Like so many other things, I make pesto by rote so I’m going to borrow Ina Garten’s recipe and provide my own smartass commentary tricks.

  • 1/4 cup walnuts (I don’t use walnuts in pesto, nor do I like mint in pesto)
  • 1/4 cup pignolis (oh yes, and I toast them beforehand, and it’s more like…um…3/4 cup because I do love me some pignolis and what I don’t use in the pesto, I’ll eat myself)
  • 3 tablespoons chopped garlic, about 9 cloves (right on, but here’s my trick:  I smash the cloves and saute them in olive oil first.  I love pesto but the raw garlic in it just kills me.  I don’t love pesto enough to be still tasting it 2 hours later, know what I mean?  So I got the idea to caramelize the garlic first to take the edge off and see if it helped.  Oh it helped.  Howling success)
  • 5 cups fresh basil leaves, packed (naturally)
  • kosher salt and freshly ground pepper (yep, and don’t leave it out)
  • 1 1/2 cups good olive oil (yes, but I can’t verify the measurement, I just stream it into the food processor until the pesto looks right)
  • 1 cup freshly grated Parmesan (too much; I start with about 1/3 cup and fiddle from there)

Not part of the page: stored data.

(* Let $m\geq 2$ and $2\leq n\leq m+1$ be integers, let $T_n$ be any tree with $n$ vertices and let $\overline{K_m}$ be the edgeless graph on $m$ vertices. Then $\chi_L(T_n\odot\overline{K_m})=m+1$.
   Context: All graphs are finite and simple. A $k$-coloring of a connected graph $G$ is a map $c:V(G)\to\{1,\dots,k\}$ with $c(u)\neq c(v)$ for adjacent $u,v$; it induces the partition $\Pi=\{C_1,\dots,C_k\}$ into color classes $C_i=c^{-1}(i)$. The color code of $v$ is $c_\Pi(v)=(d(v,C_1),\dots,d(v,C_k))$ with $d(v,C_i)=\min\{d(v,x): x\in C_i\}$ (graph distance). $c$ is a locating coloring if distinct vertices have distinct color codes; the locating-chromatic number $\chi_L(G)$ is the least $k$ for which a locating $k$-coloring exists. The corona product $G\odot H$ of a graph $G$ with vertex set $\{a_1,\dots,a_n\}$ and a graph $H$ is obtained from one copy of $G$ and $n$ disjoint copies of $H$ by joining $a_i$ to every vertex of the $i$-th copy of $H$. *)

theory Defs
  imports Main
begin

definition simple_graph :: "'a set \<Rightarrow> ('a \<Rightarrow> 'a \<Rightarrow> bool) \<Rightarrow> bool" where
  "simple_graph V E \<longleftrightarrow> finite V \<and> (\<forall>u v. E u v \<longrightarrow> u \<in> V \<and> v \<in> V)
     \<and> (\<forall>u v. E u v \<longrightarrow> E v u) \<and> (\<forall>u. \<not> E u u)"

definition is_walk :: "'a set \<Rightarrow> ('a \<Rightarrow> 'a \<Rightarrow> bool) \<Rightarrow> 'a list \<Rightarrow> bool" where
  "is_walk V E xs \<longleftrightarrow> xs \<noteq> [] \<and> set xs \<subseteq> V \<and> (\<forall>i. Suc i < length xs \<longrightarrow> E (xs ! i) (xs ! Suc i))"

If so desired, toast the pine nuts in a skillet over low heat.  Babysit them because they will burn easily.  I once watched an Iron Chef episode where the challenger burned the pignolis not once, not twice, but three times.  They lost.

Also if desired, smash the garlic cloves with the blade of your knife and saute them in a little oil until soft and caramelized.

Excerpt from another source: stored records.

lemma independent_family_if_dim_eq_card:
  assumes "finite Z" "dim (g ` Z) = card Z"
  shows "independent_family Z g"
proof -
  obtain B where B: "B \<subseteq> g ` Z" "independent B" "g ` Z \<subseteq> span B" "card B = dim (g ` Z)"
    using basis_exists by blast
  have "card B \<le> card (g ` Z)" "card (g ` Z) \<le> card Z"
    using B(1) assms(1) by (simp_all add: card_mono card_image_le)
  then have "card (g ` Z) = card Z" "B = g ` Z"
    using B(1,4) assms card_subset_eq[of "g ` Z" B] by auto
  then have inj: "inj_on g Z" and indep: "independent (g ` Z)"
    using eq_card_imp_inj_on[OF assms(1)] B(2) by auto
  have coeffs_0: "\<forall>x\<in>g ` Z. u x = 0" if "(\<Sum>x\<in>g ` Z. u x *\<^sub>R x) = 0" for u
    using that indep dependent_finite[OF finite_imageI[OF assms(1)]] by blast
  show ?thesis unfolding independent_family_def
  proof (intro allI impI)
    fix c assume "(\<Sum>z\<in>Z. c z *\<^sub>R g z) = 0"
    then have "(\<Sum>x\<in>g ` Z. c (the_inv_into Z g x) *\<^sub>R x) = 0"
      by (simp add: sum.reindex[OF inj] the_inv_into_f_f[OF inj])
    then have "\<forall>x\<in>g ` Z. c (the_inv_into Z g x) = 0" by (rule coeffs_0)
    then show "\<forall>z\<in>Z. c z = 0" using the_inv_into_f_f[OF inj] by force
  qed
qed

lemma dim_orthogonal_complement_family:
  assumes "finite Z" "independent_family Z g" "\<forall>z\<in>Z. g z \<in> Rn d"
  shows "dim {v \<in> Rn d. \<forall>z\<in>Z. dotp d (g z) v = 0} + card Z = d"
  using dim_orthogonal_complement_Rn[of "g ` Z" d] dim_image_independent_family[OF assms(1,2)]
    assms by auto

section \<open>Networks with a frozen activation pattern\<close>

definition relu_consistent :: "bool \<Rightarrow> real \<Rightarrow> bool" where
  "relu_consistent act a \<longleftrightarrow> (if act then 0 \<le> a else a \<le> 0)"

lemma max_0_if_relu_consistent: "relu_consistent act a \<Longrightarrow> max 0 a = (if act then a else 0)"
  by (simp add: relu_consistent_def)

locale relu_net =
  fixes n :: "nat \<Rightarrow> nat" and W :: "nat \<Rightarrow> nat \<Rightarrow> nat \<Rightarrow> real" and b :: "nat \<Rightarrow> nat \<Rightarrow> real"
begin

definition node_from :: "nat \<Rightarrow> nat \<Rightarrow> nat \<Rightarrow> vec \<Rightarrow> real" where
  "node_from k i j y = affmap n W b i (layers n W b k (i - k) y) j"

text \<open>An activation pattern \<open>\<mu>\<close> declares node \<open>(i, j)\<close> active iff \<open>\<mu> i j\<close>; freezing it
  replaces each ReLU by the identity or by zero, so the masked network is affine.\<close>

definition masked_layer :: "(nat \<Rightarrow> nat \<Rightarrow> bool) \<Rightarrow> nat \<Rightarrow> vec \<Rightarrow> vec" where
  "masked_layer \<mu> i x = (\<lambda>j. if \<mu> i j then affmap n W b i x j else 0)"

fun masked_layers :: "(nat \<Rightarrow> nat \<Rightarrow> bool) \<Rightarrow> nat \<Rightarrow> nat \<Rightarrow> vec \<Rightarrow> vec" where
  "masked_layers \<mu> k 0 x = x"
| "masked_layers \<mu> k (Suc l) x = masked_layer \<mu> (k + l) (masked_layers \<mu> k l x)"

definition masked_node :: "(nat \<Rightarrow> nat \<Rightarrow> bool) \<Rightarrow> nat \<Rightarrow> nat \<Rightarrow> nat \<Rightarrow> vec \<Rightarrow> real" where
  "masked_node \<mu> k i j y = affmap n W b i (masked_layers \<mu> k (i - k) y) j"

definition weight_row :: "nat \<Rightarrow> nat \<Rightarrow> vec" where
  "weight_row i j = (\<lambda>t. if t < n (i - 1) then W i j t else 0)"

definition masked_adjoint :: "(nat \<Rightarrow> nat \<Rightarrow> bool) \<Rightarrow> nat \<Rightarrow> vec \<Rightarrow> vec" where
  "masked_adjoint \<mu> k u =
     (\<lambda>t. if t < n (k - 1) then (\<Sum>s<n k. if \<mu> k s then u s * W k s t else 0) else 0)"

text \<open>\<open>masked_grad \<mu> k l j\<close> is the gradient of the masked node \<open>(k + l, j)\<close> with respect to the
  input of layer \<open>k\<close>.\<close>

fun masked_grad :: "(nat \<Rightarrow> nat \<Rightarrow> bool) \<Rightarrow> nat \<Rightarrow> nat \<Rightarrow> nat \<Rightarrow> vec" where
  "masked_grad \<mu> k 0 j = weight_row k j"
| "masked_grad \<mu> k (Suc l) j = masked_adjoint \<mu> k (masked_grad \<mu> (Suc k) l j)"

Place the pignolis and garlic in the bowl of a food processor fitted with a steel blade.  Process for 15 seconds.  Add the basil leaves, salt, and pepper.  With the processor running, slowly pour the olive oil into the bowl through the feed tube and process until the pesto is thoroughly pureed.  Add the Parmesan and puree for a minute.  Taste and fiddle with additional cheese and/or salt to taste.  I find if anything seems overpowering, a handful of baby spinach leaves tones things down.

Use right away or store the pesto in the refrigerator or freezer with a thin film of olive oil on top.